- _WHAT YOU ARE ASKED TO DO_
Among the records below, find each line bearing the word "auto" and copy it.

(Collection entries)
*** Block opens ***

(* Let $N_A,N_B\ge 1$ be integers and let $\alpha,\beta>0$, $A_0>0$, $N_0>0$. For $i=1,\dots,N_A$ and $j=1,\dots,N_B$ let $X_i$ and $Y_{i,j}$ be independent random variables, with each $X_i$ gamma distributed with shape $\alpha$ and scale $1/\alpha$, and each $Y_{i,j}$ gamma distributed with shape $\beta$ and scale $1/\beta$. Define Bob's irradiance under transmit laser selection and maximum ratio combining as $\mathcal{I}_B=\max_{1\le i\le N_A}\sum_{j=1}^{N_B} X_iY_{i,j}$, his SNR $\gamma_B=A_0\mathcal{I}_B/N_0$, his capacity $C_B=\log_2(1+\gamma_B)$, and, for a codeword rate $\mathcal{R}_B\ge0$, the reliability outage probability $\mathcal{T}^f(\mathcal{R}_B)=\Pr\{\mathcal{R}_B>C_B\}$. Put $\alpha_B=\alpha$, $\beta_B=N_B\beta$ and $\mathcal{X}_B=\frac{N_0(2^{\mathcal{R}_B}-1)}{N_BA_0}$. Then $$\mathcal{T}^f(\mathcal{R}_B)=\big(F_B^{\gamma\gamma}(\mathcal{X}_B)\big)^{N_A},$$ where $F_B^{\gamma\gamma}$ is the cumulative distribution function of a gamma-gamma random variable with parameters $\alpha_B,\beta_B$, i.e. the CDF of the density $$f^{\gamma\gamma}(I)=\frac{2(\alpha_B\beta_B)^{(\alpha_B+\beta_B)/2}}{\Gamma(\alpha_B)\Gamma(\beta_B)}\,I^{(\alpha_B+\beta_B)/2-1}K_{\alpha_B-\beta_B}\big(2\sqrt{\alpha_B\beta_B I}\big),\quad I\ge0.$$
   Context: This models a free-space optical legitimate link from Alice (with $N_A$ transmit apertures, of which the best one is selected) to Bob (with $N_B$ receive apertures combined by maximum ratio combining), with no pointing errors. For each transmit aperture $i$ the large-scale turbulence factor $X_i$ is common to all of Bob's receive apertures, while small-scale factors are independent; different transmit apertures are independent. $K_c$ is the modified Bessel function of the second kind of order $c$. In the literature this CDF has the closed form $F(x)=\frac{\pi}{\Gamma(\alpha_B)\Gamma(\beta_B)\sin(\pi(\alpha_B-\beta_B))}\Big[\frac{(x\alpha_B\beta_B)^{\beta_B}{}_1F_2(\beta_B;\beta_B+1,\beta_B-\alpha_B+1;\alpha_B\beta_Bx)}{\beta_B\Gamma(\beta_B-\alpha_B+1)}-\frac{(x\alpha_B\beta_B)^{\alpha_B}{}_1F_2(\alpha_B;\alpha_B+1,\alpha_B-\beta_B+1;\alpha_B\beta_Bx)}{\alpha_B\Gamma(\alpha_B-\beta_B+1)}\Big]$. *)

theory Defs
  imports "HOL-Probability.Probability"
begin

*** Block closes ***
*** Block opens ***

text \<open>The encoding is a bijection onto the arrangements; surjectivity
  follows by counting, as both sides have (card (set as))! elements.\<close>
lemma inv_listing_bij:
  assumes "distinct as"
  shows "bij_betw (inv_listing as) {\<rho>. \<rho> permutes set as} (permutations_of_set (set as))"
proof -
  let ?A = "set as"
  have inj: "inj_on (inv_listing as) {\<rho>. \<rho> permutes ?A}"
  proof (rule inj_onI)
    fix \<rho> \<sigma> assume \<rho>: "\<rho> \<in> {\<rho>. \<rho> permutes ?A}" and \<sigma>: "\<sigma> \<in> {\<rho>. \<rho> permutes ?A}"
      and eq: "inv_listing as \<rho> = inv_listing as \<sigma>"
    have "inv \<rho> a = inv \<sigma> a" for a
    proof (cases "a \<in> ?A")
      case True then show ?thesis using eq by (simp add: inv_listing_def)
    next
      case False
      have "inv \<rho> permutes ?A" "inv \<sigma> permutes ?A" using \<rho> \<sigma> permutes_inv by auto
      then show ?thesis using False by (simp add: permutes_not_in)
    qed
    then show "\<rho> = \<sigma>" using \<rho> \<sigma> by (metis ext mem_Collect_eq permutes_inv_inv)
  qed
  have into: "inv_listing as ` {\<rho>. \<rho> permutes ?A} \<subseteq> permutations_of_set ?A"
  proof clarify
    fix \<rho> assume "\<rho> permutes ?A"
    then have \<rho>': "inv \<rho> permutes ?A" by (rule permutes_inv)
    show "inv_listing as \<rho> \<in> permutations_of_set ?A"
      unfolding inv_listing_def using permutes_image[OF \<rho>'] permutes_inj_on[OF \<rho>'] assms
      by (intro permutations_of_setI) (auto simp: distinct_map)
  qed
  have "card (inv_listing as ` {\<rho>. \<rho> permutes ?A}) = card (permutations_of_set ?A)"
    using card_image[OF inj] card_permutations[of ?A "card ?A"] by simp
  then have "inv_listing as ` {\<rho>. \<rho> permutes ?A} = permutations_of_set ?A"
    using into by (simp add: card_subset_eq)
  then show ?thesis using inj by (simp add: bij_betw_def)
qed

*** Block closes ***

- _SOLUTION FOR THIS TASK_
      have "inv \<rho> permutes ?A" "inv \<sigma> permutes ?A" using \<rho> \<sigma> permutes_inv by auto
      by (intro permutations_of_setI) (auto simp: distinct_map)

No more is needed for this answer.